Mohammadnia Niekbachsh, Akyea Ralph K, Qureshi Nadeem, Bax Willem A, Cornel Jan H
Department of Internal Medicine, Northwest Clinics, Wilhelminalaan 12, 1815 JD, Alkmaar, The Netherlands.
Department of Cardiology, Northwest Clinics, Wilhelminalaan 12, 1815 JD, Alkmaar, The Netherlands.
Eur Heart J Digit Health. 2022 Oct 17;3(4):578-586. doi: 10.1093/ehjdh/ztac059. eCollection 2022 Dec.

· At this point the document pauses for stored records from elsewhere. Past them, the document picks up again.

lemma nn_integral_comp_le_powr_tail:
  fixes W :: "'a \<Rightarrow> real" and G :: "real \<Rightarrow> real"
  assumes W[measurable]: "W \<in> borel_measurable M" and G: "mono G" "\<And>t. 0 \<le> G t"
    and s0: "0 < s0" and p: "0 < p" and C: "0 \<le> C"
    and above: "AE x in M. s0 < W x"
    and tail: "\<And>b. 0 < b \<Longrightarrow> emeasure M {x \<in> space M. b < W x} \<le> ennreal (C * b powr -p)"
  shows "(\<integral>\<^sup>+ x. ennreal (G (W x)) \<partial>M)
    \<le> ennreal (p * C) * (\<integral>\<^sup>+ s \<in> {s0<..}. ennreal (s powr (-1 - p) * G s) \<partial>lborel)"
proof -
  have [measurable]: "G \<in> borel_measurable borel" using G(1) by (rule borel_measurable_mono)
  define \<mu> where "\<mu> = density lborel (\<lambda>s. ennreal (C * p * s powr (-1 - p)) * indicator {s0<..} s)"
  have [simp]: "space \<mu> = UNIV" unfolding \<mu>_def by simp
  have "emeasure M (space M) = emeasure M {x \<in> space M. s0 < W x}"
    using above by (intro emeasure_eq_AE) auto
  also have "\<dots> < \<infinity>" using tail[OF s0] by (simp add: order.strict_trans1)
  finally interpret finite_measure M by (intro finite_measureI) simp
  have "sigma_finite_measure \<mu>"
    unfolding \<mu>_def by (subst sigma_finite_measure.sigma_finite_iff_density_finite[OF sigma_finite_lborel])
      (auto simp: indicator_def ennreal_mult_eq_top_iff)
  have level: "emeasure M {x \<in> space M. l < G (W x)} \<le> emeasure \<mu> {s \<in> space \<mu>. l < G s}" for l
  proof -
    have "emeasure M {x \<in> space M. l < G (W x)} = emeasure M {x \<in> space M. s0 < W x \<and> l < G (W x)}"
      using above by (intro emeasure_eq_AE) auto
    also have "\<dots> \<le> (\<integral>\<^sup>+ s \<in> {s. s0 < s \<and> l < G s}. ennreal (C * p * s powr (-1 - p)) \<partial>lborel)"
      using W G(1) s0 p C tail by (rule emeasure_superlevel_le_powr_tail)
    also have "\<dots> = emeasure \<mu> {s \<in> space \<mu>. l < G s}"
      unfolding \<mu>_def by (subst emeasure_density) (auto intro!: nn_integral_cong simp: indicator_def)
    finally show ?thesis .
  qed
  have "(\<integral>\<^sup>+ x. ennreal (G (W x)) \<partial>M) = (\<integral>\<^sup>+ l \<in> {0..}. emeasure M {x \<in> space M. l < G (W x)} \<partial>lborel)"
    using sigma_finite_measure_axioms G(2) by (intro nn_integral_layer_cake) auto
  also have "\<dots> \<le> (\<integral>\<^sup>+ l \<in> {0..}. emeasure \<mu> {s \<in> space \<mu>. l < G s} \<partial>lborel)"
    by (intro nn_integral_mono mult_right_mono level) simp
  also have "\<dots> = (\<integral>\<^sup>+ s. ennreal (G s) \<partial>\<mu>)"
    using \<open>sigma_finite_measure \<mu>\<close> G(2) by (intro nn_integral_layer_cake[symmetric]) (auto simp: \<mu>_def)
  also have "\<dots> = (\<integral>\<^sup>+ s. ennreal (p * C) * (ennreal (s powr (-1 - p) * G s) * indicator {s0<..} s) \<partial>lborel)"
    unfolding \<mu>_def using p C G(2)
    by (subst nn_integral_density) (auto intro!: nn_integral_cong simp: indicator_def ennreal_mult[symmetric])
  also have "\<dots> = ennreal (p * C) * (\<integral>\<^sup>+ s \<in> {s0<..}. ennreal (s powr (-1 - p) * G s) \<partial>lborel)"
    by (rule nn_integral_cmult) measurable
  finally show ?thesis .
qed

lemma powr_divide_le_iff:
  fixes b c p q :: real
  assumes b: "0 \<le> b" and c: "0 \<le> c" and pq: "0 < p" "0 < q"
  shows "c powr (q / p) \<le> b \<longleftrightarrow> c \<le> b powr (p / q)"
proof
  assume "c powr (q / p) \<le> b"
  then have "(c powr (q / p)) powr (p / q) \<le> b powr (p / q)"
    using pq by (intro powr_mono2) auto
  then show "c \<le> b powr (p / q)" using c pq by (simp add: powr_powr)
next
  assume "c \<le> b powr (p / q)"
  then have "c powr (q / p) \<le> (b powr (p / q)) powr (q / p)"
    using c pq by (intro powr_mono2) auto
  then show "c powr (q / p) \<le> b" using b pq by (simp add: powr_powr)
qed

lemma le_diagonal_if_max_le:
  fixes g :: "real \<Rightarrow> real \<Rightarrow> real"
  assumes g_mono: "\<And>a a' b b'. a \<le> a' \<Longrightarrow> 0 \<le> b \<Longrightarrow> b \<le> b' \<Longrightarrow> g a b \<le> g a' b'"
    and b: "0 \<le> b" and pq: "0 < p" "0 < q" and t: "max \<bar>a\<bar> (b powr (q / p)) \<le> t"
  shows "g a b \<le> g t (t powr (p / q))"
proof (rule g_mono)
  show "a \<le> t" using t by linarith
  have "0 \<le> t" using t abs_ge_zero[of a] by linarith
  then show "b \<le> t powr (p / q)" using t b pq powr_divide_le_iff[of t b p q] by simp
qed (use b in auto)

lemma mono_diagonal:
  fixes g :: "real \<Rightarrow> real \<Rightarrow> real"
  assumes g_mono: "\<And>a a' b b'. a \<le> a' \<Longrightarrow> 0 \<le> b \<Longrightarrow> b \<le> b' \<Longrightarrow> g a b \<le> g a' b'"
    and "0 \<le> s\<^sub>0" "0 \<le> r"
  shows "mono (\<lambda>t. g (max s\<^sub>0 t) (max s\<^sub>0 t powr r))"
  using assms by (intro monoI g_mono) (auto intro: powr_mono2)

Familial hypercholesterolaemia (FH) is a disorder of LDL cholesterol clearance, resulting in increased risk of cardiovascular disease. Recently, we developed a Dutch Lipid Clinic Network (DLCN) criteria-based algorithm to facilitate FH detection in electronic health records (EHRs). In this study, we investigated the sensitivity of this and other algorithms in a genetically confirmed FH population.
All patients with a healthcare insurance-related coded diagnosis of 'primary dyslipidaemia' between 2018 and 2020 were assessed for genetically confirmed FH. Data were extracted at the time of genetic confirmation of FH (T1) and during the first visit in 2018-2020 (T2). We assessed the sensitivity of algorithms on T1 and T2 for DLCN ≥ 6 and compared with other algorithms [familial hypercholesterolaemia case ascertainment tool (FAMCAT), Make Early Diagnoses to Prevent Early Death (MEDPED), and Simon Broome (SB)] using EHR-coded data and using all available data (i.e. including non-coded free text). 208 patients with genetically confirmed FH were included. The sensitivity (95% CI) on T1 and T2 with EHR-coded data for DLCN ≥ 6 was 19% (14-25%) and 22% (17-28%), respectively. When using all available data, the sensitivity for DLCN ≥ 6 was 26% (20-32%) on T1 and 28% (22-34%) on T2. For FAMCAT, the sensitivity with EHR-coded data on T1 was 74% (67-79%) and 32% (26-39%) on T2, whilst sensitivity with all available data was 81% on T1 (75-86%) and 45% (39-52%) on T2. For Make Early Diagnoses to Prevent Early Death MEDPED and SB, using all available data, the sensitivity on T1 was 31% (25-37%) and 17% (13-23%), respectively.
The FAMCAT algorithm had significantly better sensitivity than DLCN, MEDPED, and SB. FAMCAT has the best potential for FH case-finding using EHRs.
家族性高胆固醇血症(FH)是一种低密度脂蛋白胆固醇清除障碍疾病,会增加心血管疾病风险。最近,我们开发了一种基于荷兰脂质诊所网络(DLCN)标准的算法,以促进在电子健康记录(EHR)中检测FH。在本研究中,我们调查了该算法及其他算法在基因确诊的FH人群中的敏感性。
对2018年至2020年间所有医保编码诊断为“原发性血脂异常”的患者进行基因确诊FH评估。在FH基因确诊时(T1)以及2018 - 2020年首次就诊时(T2)提取数据。我们评估了T1和T2时DLCN≥6的算法敏感性,并使用EHR编码数据以及所有可用数据(即包括未编码的自由文本)与其他算法[家族性高胆固醇血症病例确定工具(FAMCAT)、早诊断早预防早死亡(MEDPED)和西蒙·布鲁姆(SB)]进行比较。纳入了208例基因确诊的FH患者。T1和T2时使用EHR编码数据且DLCN≥6的敏感性(95%CI)分别为19%(14 - 25%)和22%(17 - 28%)。使用所有可用数据时,T1和T2时DLCN≥6的敏感性分别为26%(20 - 32%)和28%(22 - 34%)。对于FAMCAT,T1时使用EHR编码数据的敏感性为74%(67 - 79%),T2时为32%(26 - 39%),而使用所有可用数据时,T1时敏感性为81%(75 - 86%),T2时为45%(39 - 52%)。对于MEDPED和SB,使用所有可用数据时,T1时敏感性分别为31%(25 - 37%)和17%(13 - 23%)。
FAMCAT算法的敏感性显著优于DLCN、MEDPED和SB。FAMCAT在使用EHR进行FH病例发现方面具有最佳潜力。